We’ve reached a new creative low in The Arts. Of course, we could blame the rise of BookTok, the MCU or, my eternal enemy, ChatGPT, but the honest-to-God truth is… nobody’s doing cocaine anymore. Oh sure, coke is plentiful at Whitman College, but this campus is the exception that proves the rule. Besides, how many of these line-snorters are going to make the ultimate commitment and major in film?
I think we can all agree that Hollywood has been dropping the ball for the past 30 years… but it wasn’t always this way! When Martin Scorsese was at the top of his game— making movies for dads who are too young for The Godfather but too old for KPOP Demon Hunters— was he tweeting “@grok, is this true?” or did he cowboy up and develop a serious coke addiction for the good of cinema? And remember how funny John Mulaney was circa 2016? Oh, how we laughed at his anecdotes and high-energy impressions! Of course, then he had to go and ruin it by going to rehab and turning his life around.
But it’s not just the actors and directors! Look at Stephen King, Hunter S. Thompson and Philip K. Dick! These are names that command respect, unlike these “healthy living,” new-age talents. How are people meant to reach truths about the human condition if they don’t alter theirs? And coke isn’t so bad, really. It’s not like you’re giving yourself lung cancer. It’s only heart attacks and nosebleeds.
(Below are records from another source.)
lemma seminormal_if_semiprime_conductor:
  assumes R: "is_subring R" and sp: "semiprime_ideal (conductor R)"
    and unit_multiple: "\<And>a. a \<in> R \<Longrightarrow> \<exists>N. \<exists>c\<in>R. (1 - a * c) * a ^ N \<in> conductor R"
  shows "seminormal_ext R"
  unfolding seminormal_ext_def
proof (intro allI impI)
  fix b :: 'a
  assume b: "b ^ 2 \<in> R \<and> b ^ 3 \<in> R"
  define a where "a = b ^ 2"
  obtain N c where c: "c \<in> R" and Nc: "(1 - a * c) * a ^ N \<in> conductor R"
    using unit_multiple b a_def by blast
  have C: "is_ideal (conductor R)"
    using sp by (simp add: semiprime_ideal_def)
  have radical: "x ^ n \<in> conductor R \<Longrightarrow> n \<ge> 1 \<Longrightarrow> x \<in> conductor R" for x n
    using sp by (auto simp: semiprime_ideal_def)
  define e where "e = a * (1 - a * c)"
  have "e ^ Suc N = ((1 - a * c) ^ N * a) * ((1 - a * c) * a ^ N)"
    unfolding e_def by (simp add: power_mult_distrib ac_simps)
  then have "e \<in> conductor R"
    using radical[of e "Suc N"] ideal_mult[OF C Nc] by simp
  moreover have "(b - b ^ 3 * c) ^ 2 = (1 - a * c) * e"
    unfolding e_def a_def by (simp add: power2_eq_square power3_eq_cube algebra_simps)
  ultimately have "b - b ^ 3 * c \<in> conductor R"
    using radical[of _ 2] ideal_mult[OF C] by simp
  then have "b - b ^ 3 * c \<in> R"
    using conductor_subset by blast
  then have "(b - b ^ 3 * c) + b ^ 3 * c \<in> R"
    using b c R by (blast intro: subring_add subring_mult)
  then show "b \<in> R" by simp
qed

definition lin_comb :: "'a::comm_ring_1 set \<Rightarrow> ('b \<Rightarrow> 'a) \<Rightarrow> 'b set \<Rightarrow> 'a set" where
  "lin_comb R g I = {\<Sum>i\<in>I. r i * g i | r. \<forall>i\<in>I. r i \<in> R}"

definition is_submodule :: "'a::comm_ring_1 set \<Rightarrow> 'a set \<Rightarrow> bool" where
  "is_submodule R W \<longleftrightarrow> 0 \<in> W \<and> (\<forall>x\<in>W. \<forall>y\<in>W. x + y \<in> W) \<and> (\<forall>r\<in>R. \<forall>x\<in>W. r * x \<in> W)"

lemma lin_combI: "\<forall>i\<in>I. r i \<in> R \<Longrightarrow> (\<Sum>i\<in>I. r i * g i) \<in> lin_comb R g I"
  unfolding lin_comb_def by blast

lemma submodule_zero: "is_submodule R W \<Longrightarrow> 0 \<in> W"
  and submodule_add: "is_submodule R W \<Longrightarrow> x \<in> W \<Longrightarrow> y \<in> W \<Longrightarrow> x + y \<in> W"
  and submodule_smult: "is_submodule R W \<Longrightarrow> r \<in> R \<Longrightarrow> x \<in> W \<Longrightarrow> r * x \<in> W"
  by (simp_all add: is_submodule_def)

lemma submodule_sum: "is_submodule R W \<Longrightarrow> (\<And>i. i \<in> I \<Longrightarrow> f i \<in> W) \<Longrightarrow> sum f I \<in> W"
  by (induction I rule: infinite_finite_induct) (auto intro: submodule_zero submodule_add)

lemma is_submodule_subring: "is_subring R \<Longrightarrow> is_submodule R R"
  by (simp add: is_submodule_def is_subring_def)

lemma is_submodule_plus_cyclic:
  assumes R: "is_subring R" and W: "is_submodule R W"
  shows "is_submodule R {w + t * z |w t. w \<in> W \<and> t \<in> R}"
  unfolding is_submodule_def
proof (intro conjI ballI)
  show "0 \<in> {w + t * z |w t. w \<in> W \<and> t \<in> R}"
    using submodule_zero[OF W] subring_zero[OF R] by force
next
  fix x y
  assume "x \<in> {w + t * z |w t. w \<in> W \<and> t \<in> R}" "y \<in> {w + t * z |w t. w \<in> W \<and> t \<in> R}"
  then obtain w t w' t' where "w \<in> W" "t \<in> R" "w' \<in> W" "t' \<in> R"
    and "x + y = (w + w') + (t + t') * z"
    by (auto simp: algebra_simps)
  then show "x + y \<in> {w + t * z |w t. w \<in> W \<and> t \<in> R}"
    using R W by (blast intro: submodule_add subring_add)
next
  fix r x
  assume "r \<in> R" "x \<in> {w + t * z |w t. w \<in> W \<and> t \<in> R}"
  then obtain w t where "w \<in> W" "t \<in> R" and "r * x = r * w + (r * t) * z"
    by (auto simp: algebra_simps)
  then show "r * x \<in> {w + t * z |w t. w \<in> W \<and> t \<in> R}"
    using R W \<open>r \<in> R\<close> by (blast intro: submodule_smult subring_mult)
qed

lemma is_submodule_lin_comb:
  assumes R: "is_subring R"
  shows "is_submodule R (lin_comb R g I)"
  unfolding is_submodule_def
proof (intro conjI ballI)
  show "0 \<in> lin_comb R g I"
    unfolding lin_comb_def using subring_zero[OF R] by (auto intro!: exI[of _ "\<lambda>_. 0"])
next
  fix x y
  assume "x \<in> lin_comb R g I" "y \<in> lin_comb R g I"
  then obtain r q where "\<forall>i\<in>I. r i \<in> R" "\<forall>i\<in>I. q i \<in> R"
    and xy: "x + y = (\<Sum>i\<in>I. (r i + q i) * g i)"
    unfolding lin_comb_def by (auto simp: distrib_right sum.distrib)
  then have "\<forall>i\<in>I. r i + q i \<in> R"
    using R by (blast intro: subring_add)
  then show "x + y \<in> lin_comb R g I"
    unfolding xy by (rule lin_combI)
next
  fix t x
  assume t: "t \<in> R" and "x \<in> lin_comb R g I"
  then obtain r where "\<forall>i\<in>I. r i \<in> R" and tx: "t * x = (\<Sum>i\<in>I. (t * r i) * g i)"
    unfolding lin_comb_def by (auto simp: sum_distrib_left mult.assoc)
  then have "\<forall>i\<in>I. t * r i \<in> R"
    using R t by (blast intro: subring_mult)
  then show "t * x \<in> lin_comb R g I"
    unfolding tx by (rule lin_combI)
qed

lemma lin_comb_generator:
  assumes R: "is_subring R" and I: "finite I" and i: "i \<in> I"
  shows "g i \<in> lin_comb R g I"
proof -
  have "(\<Sum>j\<in>I. (if j = i then 1 else 0) * g j) = (\<Sum>j\<in>I. if j = i then g j else 0)"
    by (rule sum.cong) auto
  also have "\<dots> = g i"
    using I i by simp
  finally have "(\<Sum>j\<in>I. (if j = i then 1 else 0) * g j) = g i" .
  then show ?thesis
    using lin_combI[of I "\<lambda>j. if j = i then 1 else 0" R g] subring_zero[OF R] subring_one[OF R]
    by simp
qed

lemma lin_comb_mult_mem:
  assumes W: "is_submodule R W" and y: "\<And>i. i \<in> I \<Longrightarrow> y * g i \<in> W"
    and x: "x \<in> lin_comb R g I"
  shows "y * x \<in> W"
proof -
  obtain r where r: "\<forall>i\<in>I. r i \<in> R" and yx: "y * x = (\<Sum>i\<in>I. r i * (y * g i))"
    using x unfolding lin_comb_def by (auto simp: sum_distrib_left ac_simps)
  have "(\<Sum>i\<in>I. r i * (y * g i)) \<in> W"
    using r by (intro submodule_sum[OF W] submodule_smult[OF W] y) auto
  then show ?thesis
    unfolding yx .
qed

lemma lin_comb_insertD:
  assumes "x \<in> lin_comb R g (insert k I)" and "finite I" "k \<notin> I"
  shows "\<exists>m\<in>lin_comb R g I. \<exists>t\<in>R. x = m + t * g k"
  using assms unfolding lin_comb_def by (force simp: add.commute)

lemma is_subring_lin_comb:
  assumes R: "is_subring R" and one: "1 \<in> lin_comb R g I"
    and prod: "\<And>i j. i \<in> I \<Longrightarrow> j \<in> I \<Longrightarrow> g i * g j \<in> lin_comb R g I"
  shows "is_subring (lin_comb R g I)"
proof -
  note M = is_submodule_lin_comb[OF R, of g I]
  have mult: "x * y \<in> lin_comb R g I" if "x \<in> lin_comb R g I" "y \<in> lin_comb R g I" for x y
  proof -
    have "g i * y \<in> lin_comb R g I" if "i \<in> I" for i
      using lin_comb_mult_mem[OF M prod[OF that] \<open>y \<in> lin_comb R g I\<close>] by simp
    then show ?thesis
      using lin_comb_mult_mem[OF M _ \<open>x \<in> lin_comb R g I\<close>, of y] by (simp add: mult.commute)
  qed
  have "- 1 * y \<in> lin_comb R g I" if "y \<in> lin_comb R g I" for y
    using submodule_smult[OF M subring_uminus[OF R subring_one[OF R]] that] .
  then show ?thesis
    unfolding is_subring_def
    using one submodule_zero[OF M] submodule_add[OF M] mult by (metis diff_conv_add_uminus mult_minus1)
qed

lemma subset_lin_comb:
  assumes R: "is_subring R" and one: "1 \<in> lin_comb R g I"
  shows "R \<subseteq> lin_comb R g I"
  using submodule_smult[OF is_submodule_lin_comb[OF R] _ one] by fastforce

lemma power_in_lin_comb_powers:
  assumes R: "is_subring R" and c: "\<forall>i<d. c i \<in> R" and root: "s ^ d + (\<Sum>i<d. c i * s ^ i) = 0"
  shows "s ^ n \<in> lin_comb R ((^) s) {..<d}"
proof (induction n rule: less_induct)
  case (less n)
  show ?case
  proof (cases "n < d")
    case True
    then show ?thesis by (simp add: lin_comb_generator[OF R])
  next
    case False
    have "s ^ n = s ^ (n - d) * s ^ d"
      using False by (simp flip: power_add)
    also have "\<dots> = (\<Sum>i<d. (- c i) * s ^ (n - d + i))"
      using root by (simp add: eq_neg_iff_add_eq_0[symmetric] sum_distrib_left
          flip: sum_negf) (simp add: power_add ac_simps)
    also have "\<dots> \<in> lin_comb R ((^) s) {..<d}"
      using False c less by (intro submodule_sum[OF is_submodule_lin_comb[OF R]]
          submodule_smult[OF is_submodule_lin_comb[OF R]] subring_uminus[OF R]) auto
    finally show ?thesis .
  qed
qed

lemma is_subring_lin_comb_powers:
  assumes R: "is_subring R" and c: "\<forall>i<d. c i \<in> R" and root: "s ^ d + (\<Sum>i<d. c i * s ^ i) = 0"
  shows "is_subring (lin_comb R ((^) s) {..<d})" and "R \<subseteq> lin_comb R ((^) s) {..<d}"
proof -
  have "s ^ i * s ^ j \<in> lin_comb R ((^) s) {..<d}" for i j
    using power_in_lin_comb_powers[OF assms, of "i + j"] by (simp add: power_add)
  moreover have "1 \<in> lin_comb R ((^) s) {..<d}"
    using power_in_lin_comb_powers[OF assms, of 0] by simp
  ultimately show "is_subring (lin_comb R ((^) s) {..<d})" "R \<subseteq> lin_comb R ((^) s) {..<d}"
    using is_subring_lin_comb[OF R, of "(^) s" "{..<d}"] subset_lin_comb[OF R, of "(^) s" "{..<d}"] by auto
qed

lemma lin_comb_subset_Sigma:
  assumes F: "finite F" "\<And>u. u \<in> F \<Longrightarrow> finite (J u)" and R: "is_subring R" and t: "t \<in> F"
  shows "lin_comb R (g t) (J t) \<subseteq> lin_comb R (\<lambda>(u, j). g u j) (Sigma F J)"
proof
  fix x
  assume "x \<in> lin_comb R (g t) (J t)"
  then obtain r where r: "\<forall>j\<in>J t. r j \<in> R" and x: "x = (\<Sum>j\<in>J t. r j * g t j)"
    unfolding lin_comb_def by blast
  define r' where "r' = (\<lambda>(u, j). if u = t then r j else 0)"
  have "(\<Sum>p\<in>Sigma F J. r' p * (\<lambda>(u, j). g u j) p) = (\<Sum>u\<in>F. \<Sum>j\<in>J u. r' (u, j) * g u j)"
    using F by (simp add: sum.Sigma split_def)
  also have "\<dots> = (\<Sum>u\<in>F. if u = t then x else 0)"
    unfolding x r'_def by (rule sum.cong) (auto intro: sum.cong)
  also have "\<dots> = x"
    using F t by simp
  finally show "x \<in> lin_comb R (\<lambda>(u, j). g u j) (Sigma F J)"
    using lin_combI[of "Sigma F J" r' R "\<lambda>(u, j). g u j"] r subring_zero[OF R]
    by (force simp: r'_def)
qed

lemma finitely_generated_if_integral_FIP:
  fixes R :: "'a::comm_ring_1 set"
  assumes R: "is_subring R" and int: "integral_ext R" and fip: "has_FIP R"
  shows "\<exists>(I :: ('a \<times> nat) set) g. finite I \<and> (\<forall>x. x \<in> lin_comb R g I)"
proof -
  obtain D C where DC: "\<And>s. (\<forall>i<D s. C s i \<in> R) \<and> s ^ D s + (\<Sum>i<D s. C s i * s ^ i) = 0"
    using int unfolding integral_ext_def by metis
  define P where "P s = lin_comb R ((^) s) {..<D s}" for s
  have "range P \<subseteq> {T. is_subring T \<and> R \<subseteq> T}"
    unfolding P_def using is_subring_lin_comb_powers[OF R] DC by blast
  then have "finite (range P)"
    using fip unfolding has_FIP_def by (rule finite_subset)
  then obtain F where F: "finite F" "range P = P ` F"
    using finite_subset_image[of "range P" P UNIV] by auto
  have "x \<in> lin_comb R (\<lambda>(s, i). s ^ i) (SIGMA s:F. {..<D s})" for x
  proof -
    obtain t where "t \<in> F" "P x = P t"
      using F(2) by (metis imageE rangeI)
    moreover have "x \<in> P x"
      using power_in_lin_comb_powers[OF R, of "D x" "C x" x 1] DC unfolding P_def by simp
    ultimately show ?thesis
      using lin_comb_subset_Sigma[OF F(1) _ R \<open>t \<in> F\<close>, where J = "\<lambda>s. {..<D s}" and g = "(^)"]
      unfolding P_def by auto
  qed
  then show ?thesis
    using F(1) by (intro exI[of _ "SIGMA s:F. {..<D s}"] exI[of _ "\<lambda>(s, i). s ^ i"]) simp
qed

definition plus_multiples :: "'a::comm_ring_1 set \<Rightarrow> 'a \<Rightarrow> 'a set" where
  "plus_multiples R z = {r + z * x |r x. r \<in> R}"

lemma plus_multiplesI: "r \<in> R \<Longrightarrow> r + z * x \<in> plus_multiples R z"
  unfolding plus_multiples_def by blast

lemma subset_plus_multiples: "R \<subseteq> plus_multiples R z"
  using plus_multiplesI[of _ R z 0] by auto

lemma is_subring_plus_multiples:
  assumes R: "is_subring R"
  shows "is_subring (plus_multiples R z)"
  unfolding is_subring_def
proof (intro conjI ballI)
  show "0 \<in> plus_multiples R z" "1 \<in> plus_multiples R z"
    using subset_plus_multiples subring_zero[OF R] subring_one[OF R] by blast+
next
  fix x y
  assume "x \<in> plus_multiples R z" "y \<in> plus_multiples R z"
  then obtain r p r' p' where rr': "r \<in> R" "r' \<in> R" and "x = r + z * p" "y = r' + z * p'"
    unfolding plus_multiples_def by blast
  then have "x + y = (r + r') + z * (p + p')" "x - y = (r - r') + z * (p - p')"
    "x * y = r * r' + z * (r * p' + r' * p + z * p * p')"
    by (simp_all add: algebra_simps)
  then show "x + y \<in> plus_multiples R z" "x - y \<in> plus_multiples R z" "x * y \<in> plus_multiples R z"
    unfolding plus_multiples_def using R rr' by (blast intro: subring_add subring_diff subring_mult)+
qed

lemma finite_range_nat_repeats:
  fixes f :: "nat \<Rightarrow> 'b"
  assumes "finite (range f)"
  shows "\<exists>i j. i < j \<and> f i = f j"
proof -
  obtain i j where "i \<noteq> j" "f i = f j"
    using assms finite_imageD[of f UNIV] unfolding inj_def by auto
  then show ?thesis
    by (metis linorder_neq_iff)
qed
Who wouldn’t put up with that for a lifetime of fame and inspiration?
And, guys, I know. People are sad, our country is backsliding. Who gives a damn about a healthy movie ecosystem? ME. MEEEEE. I DO. ME!!!!! We have been telling each other stories for thousands of years. And now, because everything is under the thumb of corporations and AI, the movie industry has stopped telling stories and started serving slop. I’m desperate. I’ll advocate for anything to fix this. Even cocaine. Especially cocaine! Read between the thin, white lines, people!